== Segment start ==

(* Let $s\geq2$, and define $f_s:\mathrm{Aut}_{s-1}(H)\to k^{\mathbb{Z}}$ by $f_s(\phi)=(\beta_n)_{n\in\mathbb{Z}}$ where $\phi(x^ny^s)=x^ny^s+\beta_n(x^{n+s}-x^n)$ for all $n\in\mathbb{Z}$. Then $f_s$ is a group homomorphism (into the additive group $k^{\mathbb{Z}}$) with $\mathrm{Ker}(f_s)=\mathrm{Aut}_s(H)$.
   Context: Let $k$ be a field and $0\neq q\in k$ not a root of unity. $H=k_q[x,x^{-1},y]$ is the $k$-algebra generated by $x,x^{-1},y$ with $xx^{-1}=x^{-1}x=1$, $yx=qxy$, a Hopf algebra with $\Delta(x)=x\otimes x$, $\Delta(y)=y\otimes x+1\otimes y$, $\varepsilon(x)=1$, $\varepsilon(y)=0$; $\{x^ny^m:n\in\mathbb{Z},m\in\mathbb{N}\}$ is a $k$-basis. $H_0=\mathrm{span}\{x^n\}$, $H(m)=H_0y^m$. $\mathrm{Aut}_c(H)$ is the group under composition of coalgebra automorphisms of $H$, and for $m\geq1$, $\mathrm{Aut}_m(H)=\{\phi\in\mathrm{Aut}_c(H):\phi(h)=h\text{ for all }h\in\sum_{i=0}^mH(i)\}$. $k^{\mathbb{Z}}$ is the group of sequences in $k$ under componentwise addition. It is a fact (proved in the paper) that for every $\phi\in\mathrm{Aut}_{s-1}(H)$ there is a unique $(\beta_n)_n\in k^{\mathbb{Z}}$ with $\phi(x^ny^s)=x^ny^s+\beta_n(x^{n+s}-x^n)$ for all $n$, so $f_s$ is well defined. *)

theory Defs
  imports Main "HOL-Library.Poly_Mapping"
begin

text \<open>The k-vector space H with basis x^n y^m (n in Z, m in N) is modelled as the
  finitely supported functions (int * nat) =>0 k; the basis element x^n y^m is
  single (n,m) 1.  H tensor H is modelled as finitely supported functions on pairs
  of basis indices.\<close>

type_synonym 'k qH = "(int \<times> nat) \<Rightarrow>\<^sub>0 'k"
type_synonym 'k qHH = "((int \<times> nat) \<times> (int \<times> nat)) \<Rightarrow>\<^sub>0 'k"

definition mon :: "int \<Rightarrow> nat \<Rightarrow> 'k::field qH" where
  "mon n m = Poly_Mapping.single (n, m) 1"

definition scal :: "'k::field \<Rightarrow> ('a \<Rightarrow>\<^sub>0 'k) \<Rightarrow> ('a \<Rightarrow>\<^sub>0 'k)" where
  "scal c v = Poly_Mapping.map (\<lambda>a. c * a) v"

fun qbinom :: "'k::field \<Rightarrow> nat \<Rightarrow> nat \<Rightarrow> 'k" where
  "qbinom q m 0 = 1"
| "qbinom q 0 (Suc i) = 0"
| "qbinom q (Suc m) (Suc i) = qbinom q m i + q ^ Suc i * qbinom q m (Suc i)"

definition tensor :: "'k::field qH \<Rightarrow> 'k qH \<Rightarrow> 'k qHH" where
  "tensor u v = (\<Sum>b\<in>Poly_Mapping.keys u. \<Sum>c\<in>Poly_Mapping.keys v.
      Poly_Mapping.single (b, c) (Poly_Mapping.lookup u b * Poly_Mapping.lookup v c))"

text \<open>Comultiplication on the basis:
  Delta(x^n y^m) = sum_{i<=m} [m choose i]_q x^n y^i (x) x^(n+i) y^(m-i),
  obtained from Delta(x) = x (x) x, Delta(y) = y (x) x + 1 (x) y, since
  (1 (x) y)(y (x) x) = q (y (x) x)(1 (x) y).\<close>
definition comul_basis :: "'k::field \<Rightarrow> int \<Rightarrow> nat \<Rightarrow> 'k qHH" where
  "comul_basis q n m = (\<Sum>i\<le>m.
      Poly_Mapping.single ((n, i), (n + int i, m - i)) (qbinom q m i))"

definition comul :: "'k::field \<Rightarrow> 'k qH \<Rightarrow> 'k qHH" where
  "comul q v = (\<Sum>b\<in>Poly_Mapping.keys v. scal (Poly_Mapping.lookup v b) (comul_basis q (fst b) (snd b)))"

definition counit :: "'k::field qH \<Rightarrow> 'k" where
  "counit v = (\<Sum>b\<in>{b\<in>Poly_Mapping.keys v. snd b = 0}. Poly_Mapping.lookup v b)"

definition linear_H :: "('k::field qH \<Rightarrow> 'k qH) \<Rightarrow> bool" where
  "linear_H \<phi> \<longleftrightarrow> (\<forall>u v. \<phi> (u + v) = \<phi> u + \<phi> v) \<and> (\<forall>c v. \<phi> (scal c v) = scal c (\<phi> v))"

text \<open>phi (x) phi applied to a tensor (for linear phi).\<close>
definition tmap :: "('k::field qH \<Rightarrow> 'k qH) \<Rightarrow> 'k qHH \<Rightarrow> 'k qHH" where
  "tmap \<phi> t = (\<Sum>p\<in>Poly_Mapping.keys t. scal (Poly_Mapping.lookup t p)
      (tensor (\<phi> (mon (fst (fst p)) (snd (fst p)))) (\<phi> (mon (fst (snd p)) (snd (snd p))))))"

definition coalg_map :: "'k::field \<Rightarrow> ('k qH \<Rightarrow> 'k qH) \<Rightarrow> bool" where
  "coalg_map q \<phi> \<longleftrightarrow> linear_H \<phi> \<and>
     (\<forall>v. comul q (\<phi> v) = tmap \<phi> (comul q v)) \<and> (\<forall>v. counit (\<phi> v) = counit v)"

definition Aut_c :: "'k::field \<Rightarrow> ('k qH \<Rightarrow> 'k qH) set" where
  "Aut_c q = {\<phi>. bij \<phi> \<and> coalg_map q \<phi>}"

definition Hle :: "nat \<Rightarrow> 'k::field qH set" where
  "Hle m = {v. \<forall>b\<in>Poly_Mapping.keys v. snd b \<le> m}"

definition Aut_m :: "'k::field \<Rightarrow> nat \<Rightarrow> ('k qH \<Rightarrow> 'k qH) set" where
  "Aut_m q m = {\<phi>\<in>Aut_c q. \<forall>h\<in>Hle m. \<phi> h = h}"

definition f_s :: "nat \<Rightarrow> ('k::field qH \<Rightarrow> 'k qH) \<Rightarrow> int \<Rightarrow> 'k" where
  "f_s s \<phi> = (\<lambda>n. THE \<beta>. \<phi> (mon n s) = mon n s + scal \<beta> (mon (n + int s) 0 - mon n 0))"

end

theory Submission
  imports Defs
begin

text \<open>Let \<phi> be a coalgebra map fixing every x^m y^i with i < s, and compare coefficients in
  \<Delta>(\<phi>(x^n y^s)) = (\<phi> \<otimes> \<phi>)(\<Delta>(x^n y^s)).  All middle terms of \<Delta>(x^n y^s) are fixed, so the
  right-hand side is x^n \<otimes> \<phi>(x^n y^s) + \<phi>(x^n y^s) \<otimes> x^(n+s) plus the terms
  [s, i]_q x^n y^i \<otimes> x^(n+i) y^(s-i), 0 < i < s.  Reading off coefficients kills every
  coefficient of \<phi>(x^n y^s) of positive y-degree except the one at x^n y^s, which is 1 because
  [s, 1]_q = 1 + q + ... + q^(s-1) \<noteq> 0; in y-degree 0 only x^n and x^(n+s) survive, with
  opposite coefficients.  Hence \<phi>(x^n y^s) = x^n y^s + \<beta>_n (x^(n+s) - x^n).  Since x^(n+s) - x^n
  lies in H(0), which both automorphisms fix, the \<beta>'s add under composition, and \<beta> = 0 for
  all n means exactly that H(s) is fixed as well.\<close>

lemma lookup_scal [simp]: "Poly_Mapping.lookup (scal c v) a = c * Poly_Mapping.lookup v a"
  by (simp add: scal_def Poly_Mapping.map.rep_eq when_def)

lemma scal_1 [simp]: "scal 1 v = v"
  by (rule poly_mapping_eqI) simp

lemma scal_0 [simp]: "scal 0 v = 0"
  by (rule poly_mapping_eqI) simp

lemma scal_add_left: "scal a v + scal b v = scal (a + b) v"
  by (rule poly_mapping_eqI) (simp add: lookup_add algebra_simps)

lemma lookup_mon: "Poly_Mapping.lookup (mon n m) b = (if b = (n, m) then 1 else 0)"
  by (auto simp: mon_def lookup_single when_def)

lemma sum_mon_eq:
  "(\<Sum>b\<in>Poly_Mapping.keys h. scal (Poly_Mapping.lookup h b) (mon (fst b) (snd b))) = h"
proof (rule poly_mapping_eqI)
  fix k :: "int \<times> nat"
  have "Poly_Mapping.lookup (\<Sum>b\<in>Poly_Mapping.keys h. scal (Poly_Mapping.lookup h b) (mon (fst b) (snd b))) k
     = (\<Sum>b\<in>Poly_Mapping.keys h. if b = k then Poly_Mapping.lookup h k else 0)"
    unfolding lookup_sum by (intro sum.cong refl) (auto simp: lookup_mon)
  also have "\<dots> = Poly_Mapping.lookup h k"
    by (cases "k \<in> Poly_Mapping.keys h") (auto simp: Poly_Mapping.in_keys_iff)
  finally show "Poly_Mapping.lookup (\<Sum>b\<in>Poly_Mapping.keys h. scal (Poly_Mapping.lookup h b) (mon (fst b) (snd b))) k
     = Poly_Mapping.lookup h k" .
qed

lemma lookup_tensor:
  "Poly_Mapping.lookup (tensor u v) (b, c) = Poly_Mapping.lookup u b * Poly_Mapping.lookup v c"
proof -
  let ?uv = "Poly_Mapping.lookup u b * Poly_Mapping.lookup v c"
  have "Poly_Mapping.lookup (tensor u v) (b, c) = (\<Sum>b'\<in>Poly_Mapping.keys u.
      if b' = b then (\<Sum>c'\<in>Poly_Mapping.keys v. if c' = c then ?uv else 0) else 0)"
    unfolding tensor_def lookup_sum
    by (intro sum.cong refl) (auto simp: lookup_single when_def)
  also have "\<dots> = ?uv"
    by (cases "b \<in> Poly_Mapping.keys u"; cases "c \<in> Poly_Mapping.keys v")
      (auto simp: Poly_Mapping.in_keys_iff)
  finally show ?thesis .
qed

lemma lookup_comul_basis:
  "Poly_Mapping.lookup (comul_basis q n m) ((a, i), (c, j)) =
     (if a = n \<and> i \<le> m \<and> c = n + int i \<and> j = m - i then qbinom q m i else 0)"
proof -
  have "Poly_Mapping.lookup (comul_basis q n m) ((a, i), (c, j)) = (\<Sum>i'\<le>m. if i' = i then
     (if a = n \<and> c = n + int i \<and> j = m - i then qbinom q m i else 0) else 0)"
    unfolding comul_basis_def lookup_sum
    by (intro sum.cong refl) (auto simp: lookup_single when_def)
  then show ?thesis by simp
qed

lemma keys_comul_basis:
  "Poly_Mapping.keys (comul_basis q n m) \<subseteq> (\<lambda>i. ((n, i), (n + int i, m - i))) ` {..m}"
proof
  fix x assume x: "x \<in> Poly_Mapping.keys (comul_basis q n m)"
  obtain a i c j where "x = ((a, i), (c, j))" by (metis prod.collapse)
  with x show "x \<in> (\<lambda>i. ((n, i), (n + int i, m - i))) ` {..m}"
    by (auto simp: Poly_Mapping.in_keys_iff lookup_comul_basis split: if_splits)
qed

lemma comul_mon: "comul q (mon n m) = comul_basis q n m"
  by (simp add: comul_def mon_def)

== Segment end ==

TASK INSTRUCTIONS ▸
Above are the lines; repeat exactly the ones from the line containing "m = Poly_Mapping.single" down to the line containing "Poly_Mapping.single (b, c)", both inclusive.

RESULT OF THE TASK ▸
  "mon n m = Poly_Mapping.single (n, m) 1"

definition scal :: "'k::field \<Rightarrow> ('a \<Rightarrow>\<^sub>0 'k) \<Rightarrow> ('a \<Rightarrow>\<^sub>0 'k)" where
  "scal c v = Poly_Mapping.map (\<lambda>a. c * a) v"

fun qbinom :: "'k::field \<Rightarrow> nat \<Rightarrow> nat \<Rightarrow> 'k" where
  "qbinom q m 0 = 1"
| "qbinom q 0 (Suc i) = 0"
| "qbinom q (Suc m) (Suc i) = qbinom q m i + q ^ Suc i * qbinom q m (Suc i)"

definition tensor :: "'k::field qH \<Rightarrow> 'k qH \<Rightarrow> 'k qHH" where
  "tensor u v = (\<Sum>b\<in>Poly_Mapping.keys u. \<Sum>c\<in>Poly_Mapping.keys v.
      Poly_Mapping.single (b, c) (Poly_Mapping.lookup u b * Poly_Mapping.lookup v c))"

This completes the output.